But what does "the same direction in space" mean? For Newton the answer was easy. Space and time were absolutes. A perfect gyroscope set spinning and pointed at a star would stay aligned forever. Not so for Einstein. Space-time is warped -- and may even be set in motion by moving matter. A gyroscope orbiting the Earth finds two distinct space-time processes -- frame-dragging and the geodetic effect -- gradually changing its direction of spin.
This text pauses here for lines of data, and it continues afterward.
lemma inverse_near_scaled_left_inverse:
  fixes S A B :: "real mat"
  assumes S: "S \<in> carrier_mat n n" and A: "A \<in> carrier_mat n n" and B: "B \<in> carrier_mat n n"
    and BA: "B * A = 1\<^sub>m n"
    and B_bound: "\<And>k j. k < n \<Longrightarrow> j < n \<Longrightarrow> \<bar>B $$ (k, j)\<bar> \<le> \<beta>"
    and S_near: "\<And>k j. k < n \<Longrightarrow> j < n \<Longrightarrow> \<bar>S $$ (k, j) - lam * A $$ (k, j)\<bar> \<le> D"
    and lam: "0 < lam" and small: "2 * real n * real n * \<beta> * D \<le> lam"
    and T: "T \<in> carrier_mat n n" and inv: "inverts_mat S T" and k: "k < n" and j: "j < n"
  shows "\<bar>T $$ (k, j) - B $$ (k, j) / lam\<bar> \<le> 2 * real n * real n * \<beta>\<^sup>2 * D / lam\<^sup>2"
proof -
  define w where "w = col T j"
  have w: "w \<in> carrier_vec n"
    unfolding w_def using T j by simp
  have "S * T = 1\<^sub>m n"
    using inv S by (simp add: inverts_mat_def)
  then have "S *\<^sub>v w = unit_vec n j"
    unfolding w_def using S T j by (simp flip: col_mult2)
  then have Bc: "(B *\<^sub>v (S *\<^sub>v w)) $ l = B $$ (l, j)" if "l < n" for l
    using B j that by simp
  have w_bound: "\<bar>w $ l\<bar> \<le> 2 * \<beta> / lam" if "l < n" for l
  proof -
    have "lam * \<bar>w $ l\<bar> \<le> 2 * \<beta>"
      by (rule left_inverse_solution_bound[OF S A B BA w B_bound S_near lam small])
        (use Bc B_bound j that in auto)
    then show ?thesis
      using lam by (simp add: pos_le_divide_eq mult.commute)
  qed
  have residual: "\<bar>B $$ (k, j) - lam * T $$ (k, j)\<bar> \<le> n * (n * \<beta> * D) * (2 * \<beta> / lam)"
    using left_inverse_residual_bound[OF S A B BA w k B_bound S_near w_bound] Bc[OF k] k T j
    by (simp add: w_def)
  have "T $$ (k, j) - B $$ (k, j) / lam = - (B $$ (k, j) - lam * T $$ (k, j)) / lam"
    using lam by (simp add: field_simps)
  then have "\<bar>T $$ (k, j) - B $$ (k, j) / lam\<bar> = \<bar>B $$ (k, j) - lam * T $$ (k, j)\<bar> / lam"
    using lam by simp
  also have "\<dots> \<le> n * (n * \<beta> * D) * (2 * \<beta> / lam) / lam"
    using residual lam by (intro divide_right_mono) auto
  also have "\<dots> = 2 * real n * real n * \<beta>\<^sup>2 * D / lam\<^sup>2"
    by (simp add: power2_eq_square)
  finally show ?thesis .
qed

(* limit_gram_mat n = D (I + J) D with D = diag ((-1)^k) and J the all-ones matrix; by
   Sherman-Morrison its inverse is D (I - J / (n + 1)) D.  Index k stands for layer k + 1. *)
definition limit_gram_mat :: "nat \<Rightarrow> real mat" where
  "limit_gram_mat n = mat n n (\<lambda>(k, j). (-1) ^ (k + j) * ((if k = j then 1 else 0) + 1))"

definition limit_gram_inv :: "nat \<Rightarrow> real mat" where
  "limit_gram_inv n = mat n n (\<lambda>(k, j). (if k = j then 1 else 0) - (-1) ^ (k + j) / (n + 1))"

lemma minus_one_power_add_cancel: "(-1 :: real) ^ (k + p) * (-1) ^ (p + l) = (-1) ^ (k + l)"
proof -
  have "(-1 :: real) ^ (k + p) * (-1) ^ (p + l) = (-1) ^ (k + l) * ((-1) * (-1)) ^ p"
    by (simp add: power_add power_mult_distrib)
  then show ?thesis by simp
qed

lemma limit_gram_inv_mult: "limit_gram_inv n * limit_gram_mat n = 1\<^sub>m n"
proof (rule eq_matI)
  fix k l assume k: "k < dim_row (1\<^sub>m n :: real mat)" and l: "l < dim_col (1\<^sub>m n :: real mat)"
  have entry: "limit_gram_inv n $$ (k, p) * limit_gram_mat n $$ (p, l)
      = (if p = k then (-1) ^ (p + l) * ((if p = l then 1 else 0) + 1) else 0)
        - (-1) ^ (k + l) / (n + 1) * ((if p = l then 1 else 0) + 1)" if p: "p < n" for p
  proof -
    have "limit_gram_inv n $$ (k, p) * limit_gram_mat n $$ (p, l)
        = (if k = p then 1 else 0) * ((-1) ^ (p + l) * ((if p = l then 1 else 0) + 1))
          - (-1) ^ (k + p) * (-1) ^ (p + l) / (n + 1) * ((if p = l then 1 else 0) + 1)"
      using k l p by (simp add: limit_gram_inv_def limit_gram_mat_def algebra_simps)
    then show ?thesis
      unfolding minus_one_power_add_cancel by simp
  qed
  have "(limit_gram_inv n * limit_gram_mat n) $$ (k, l)
      = (\<Sum>p<n. limit_gram_inv n $$ (k, p) * limit_gram_mat n $$ (p, l))"
    using k l by (simp add: scalar_prod_def atLeast0LessThan limit_gram_inv_def limit_gram_mat_def)
  also have "\<dots> = (\<Sum>p<n. (if p = k then (-1) ^ (p + l) * ((if p = l then 1 else 0) + 1) else 0)
                 - (-1) ^ (k + l) / (n + 1) * ((if p = l then 1 else 0) + 1))"
    using entry by (intro sum.cong) auto
  also have "\<dots> = (-1) ^ (k + l) * ((if k = l then 1 else 0) + 1) - (-1) ^ (k + l) / (n + 1) * (1 + n)"
  proof -
    have "(\<Sum>p<n. (if p = l then 1 else 0) + 1 :: real) = 1 + n"
      using l by (simp add: sum.distrib)
    then have "(\<Sum>p<n. (-1) ^ (k + l) / (n + 1) * ((if p = l then 1 else 0) + 1))
        = (-1) ^ (k + l) / (n + 1) * (1 + n :: real)"
      by (simp only: flip: sum_distrib_left)
    moreover have "(\<Sum>p<n. (if p = k then (-1) ^ (p + l) * ((if p = l then 1 else 0) + 1) else 0))
        = (-1) ^ (k + l) * ((if k = l then 1 else 0) + 1 :: real)"
      using k by simp
    ultimately show ?thesis
      by (simp only: sum_subtractf)
  qed
  also have "\<dots> = 1\<^sub>m n $$ (k, l)"
    using k l by (simp add: field_simps power_add)
  finally show "(limit_gram_inv n * limit_gram_mat n) $$ (k, l) = 1\<^sub>m n $$ (k, l)" .
qed (simp_all add: limit_gram_inv_def limit_gram_mat_def)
According to Einstein the Earth warps space-time. A second, much larger change in spin direction, the geodetic effect, follows from the gyroscope's motion through this space-time curvature. The phenomenon was foreshadowed in 1916 by W. de Sitter who predicted a minute relativistic correction to the complicated motions of the Earth-Moon system around the Sun -- an effect finally detected in 1988 through an elaborate combination of lunar ranging and radio interferometry data. For a gyroscope the predicted effect is a rotation in the orbit-plane of 6,600 milliarc-seconds per year -- quite a large angle by relativistic standards.

Gravity Probe B will measure the change to 1 part in 10,000 or better, the most precise qualitative check yet of any effect predicted by general relativity.

The geodetic precession is closely related to Thomas precession (if that helps any).

It's of interest to Garth because his dark-horse (though peer-reviewed) theory of gravity, SCC http://arxiv.org/abs/gr-qc/0212111 makes an experimental prediction different from GR that will be tested by gravity probe B.

You can probably find a lot of threads on SCC here at PF if you look - being published in a reputable journal, it's "fair game" for discussion on PF.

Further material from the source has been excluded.